(Stored data)
---*---

(* Let $\mathcal G$ be the complete graph on $m>1$ nodes (so $a_{ij}=1$ for all $i,j$, including self-loops) and let $\alpha\in(0,1)$. Then the function $\psi^\alpha(x)=\sum_{i=1}^m(\mu_ix_i)^\alpha$ is strictly concave on $\mathcal S_m$ and has a unique maximizer on $\mathcal S_m$, given by $$x_i^*=\frac{\mu_i^{\alpha/(1-\alpha)}}{\sum_{k=1}^m\mu_k^{\alpha/(1-\alpha)}},\quad 1\le i\le m,$$ and the iterates $x(n)$ of the choice process with this fixed $\alpha$ converge almost surely to $x^*$.
   Context: Rewards $\mu_i>0$, $\mathcal S_m$ is the unit simplex in $\mathbb R^m$. Process (with $\mathcal N(i)=\mathcal V$ for all $i$): observed rewards $\tilde\mu_i(n)=\mu_i+\zeta_i(n)$, where for each $i$, $\{\zeta_i(n)\}_{n\ge0}$ are i.i.d., zero mean, finite variance, with $\zeta(n+1)$ independent of the past. Choices $\xi(n)\in\{1,\dots,m\}$; $x(0)=(1/m,\dots,1/m)$, $x_i(n+1)=x_i(n)+\frac1{n+1}(\mathbb I\{\xi(n+1)=i\}-x_i(n))$. Empirical means $\hat\mu_i(n)=\frac{\sum_{k=0}^n\mathbb I\{\xi(k)=i\}\tilde\mu_i(k)}{\sum_{k=0}^n\mathbb I\{\xi(k)=i\}}$ (convention $0/0=0$). Exploration rates: $\varepsilon(0)\in(0,1]$, $\varepsilon(n+1)=(1-c(n))\varepsilon(n)$ with $0<c(n)\downarrow0$, $\sum_nc(n)=\infty$, $nc(n)\to0$, $\sum_n\varepsilon(n)^m=\infty$, $\sum_n\varepsilon(n)/(n+1)=\infty$, $\sqrt n\,\varepsilon(n)\to\infty$. Selection rule: $\mathbb P(\xi(n+1)=j\mid\mathcal F_n)=(1-\varepsilon(n))\frac{(\hat\mu_j(n)x_j(n))^\alpha}{\sum_l(\hat\mu_l(n)x_l(n))^\alpha}+\frac{\varepsilon(n)}m$, where $\mathcal F_n=\sigma(\xi(k),\zeta_i(k):k\le n,1\le i\le m)$. *)

theory Defs
  imports "HOL-Analysis.Analysis" "HOL-Probability.Probability"
begin

text \<open>Index set of arms/nodes: a finite type 'm with CARD('m) = m.\<close>

definition unit_simplex :: "(real^'m::finite) set" where
  "unit_simplex = {x. (\<forall>i. 0 \<le> x $ i) \<and> (\<Sum>i\<in>UNIV. x $ i) = 1}"

definition strict_concave_on :: "'a::real_vector set \<Rightarrow> ('a \<Rightarrow> real) \<Rightarrow> bool" where
  "strict_concave_on S f \<longleftrightarrow> convex S \<and>
     (\<forall>x\<in>S. \<forall>y\<in>S. x \<noteq> y \<longrightarrow> (\<forall>t::real. 0 < t \<and> t < 1 \<longrightarrow>
        f ((1 - t) *\<^sub>R x + t *\<^sub>R y) > (1 - t) * f x + t * f y))"

definition psi :: "('m::finite \<Rightarrow> real) \<Rightarrow> real \<Rightarrow> real^'m \<Rightarrow> real" where
  "psi \<mu> \<alpha> x = (\<Sum>i\<in>UNIV. (\<mu> i * x $ i) powr \<alpha>)"

fun x_proc :: "(nat \<Rightarrow> 'a \<Rightarrow> 'm::finite) \<Rightarrow> nat \<Rightarrow> 'a \<Rightarrow> real^'m" where
  "x_proc \<xi> 0 \<omega> = (\<chi> i. 1 / real CARD('m))"
| "x_proc \<xi> (Suc n) \<omega> = (\<chi> i. x_proc \<xi> n \<omega> $ i
      + (1 / real (Suc n)) * ((if \<xi> (Suc n) \<omega> = i then 1 else 0) - x_proc \<xi> n \<omega> $ i))"

text \<open>Empirical means (real division gives the convention 0/0 = 0).
  Noise is indexed as zeta i k omega.\<close>
definition mu_hat :: "('m \<Rightarrow> real) \<Rightarrow> ('m \<Rightarrow> nat \<Rightarrow> 'a \<Rightarrow> real) \<Rightarrow> (nat \<Rightarrow> 'a \<Rightarrow> 'm)
    \<Rightarrow> nat \<Rightarrow> 'a \<Rightarrow> 'm \<Rightarrow> real" where
  "mu_hat \<mu> \<zeta> \<xi> n \<omega> i =
     (\<Sum>k\<le>n. (if \<xi> k \<omega> = i then 1 else 0) * (\<mu> i + \<zeta> i k \<omega>))
     / (\<Sum>k\<le>n. (if \<xi> k \<omega> = i then 1 else 0))"

text \<open>y^alpha for the weights; the paper's formula is only meaningful for y \<ge> 0,
  we use 0 for negative arguments.\<close>
definition wpow :: "real \<Rightarrow> real \<Rightarrow> real" where
  "wpow \<alpha> y = (if 0 < y then y powr \<alpha> else 0)"

definition sel_prob :: "real \<Rightarrow> ('m::finite \<Rightarrow> real) \<Rightarrow> ('m \<Rightarrow> nat \<Rightarrow> 'a \<Rightarrow> real)
    \<Rightarrow> (nat \<Rightarrow> 'a \<Rightarrow> 'm) \<Rightarrow> (nat \<Rightarrow> real) \<Rightarrow> nat \<Rightarrow> 'a \<Rightarrow> 'm \<Rightarrow> real" where
  "sel_prob \<alpha> \<mu> \<zeta> \<xi> \<epsilon> n \<omega> j =
     (let w = (\<lambda>l. wpow \<alpha> (mu_hat \<mu> \<zeta> \<xi> n \<omega> l * x_proc \<xi> n \<omega> $ l));
          W = (\<Sum>l\<in>UNIV. w l)
      in (1 - \<epsilon> n) * (if W = 0 then 1 / real CARD('m) else w j / W) + \<epsilon> n / real CARD('m))"

definition past_events :: "'a measure \<Rightarrow> (nat \<Rightarrow> 'a \<Rightarrow> 'm) \<Rightarrow> ('m \<Rightarrow> nat \<Rightarrow> 'a \<Rightarrow> real)
    \<Rightarrow> nat \<Rightarrow> 'a set set" where
  "past_events M \<xi> \<zeta> n = sigma_sets (space M)
     ({\<xi> k -` A \<inter> space M | k A. k \<le> n} \<union>
      {\<zeta> i k -` B \<inter> space M | i k B. k \<le> n \<and> B \<in> sets borel})"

---*---

The lines to extract from the data above begin with the line containing "in (1 - \<epsilon>" and end with the line containing "sigma_sets (space M)". Extract them exactly, including both.

• **Solution**
      in (1 - \<epsilon> n) * (if W = 0 then 1 / real CARD('m) else w j / W) + \<epsilon> n / real CARD('m))"

definition past_events :: "'a measure \<Rightarrow> (nat \<Rightarrow> 'a \<Rightarrow> 'm) \<Rightarrow> ('m \<Rightarrow> nat \<Rightarrow> 'a \<Rightarrow> real)
    \<Rightarrow> nat \<Rightarrow> 'a set set" where
  "past_events M \<xi> \<zeta> n = sigma_sets (space M)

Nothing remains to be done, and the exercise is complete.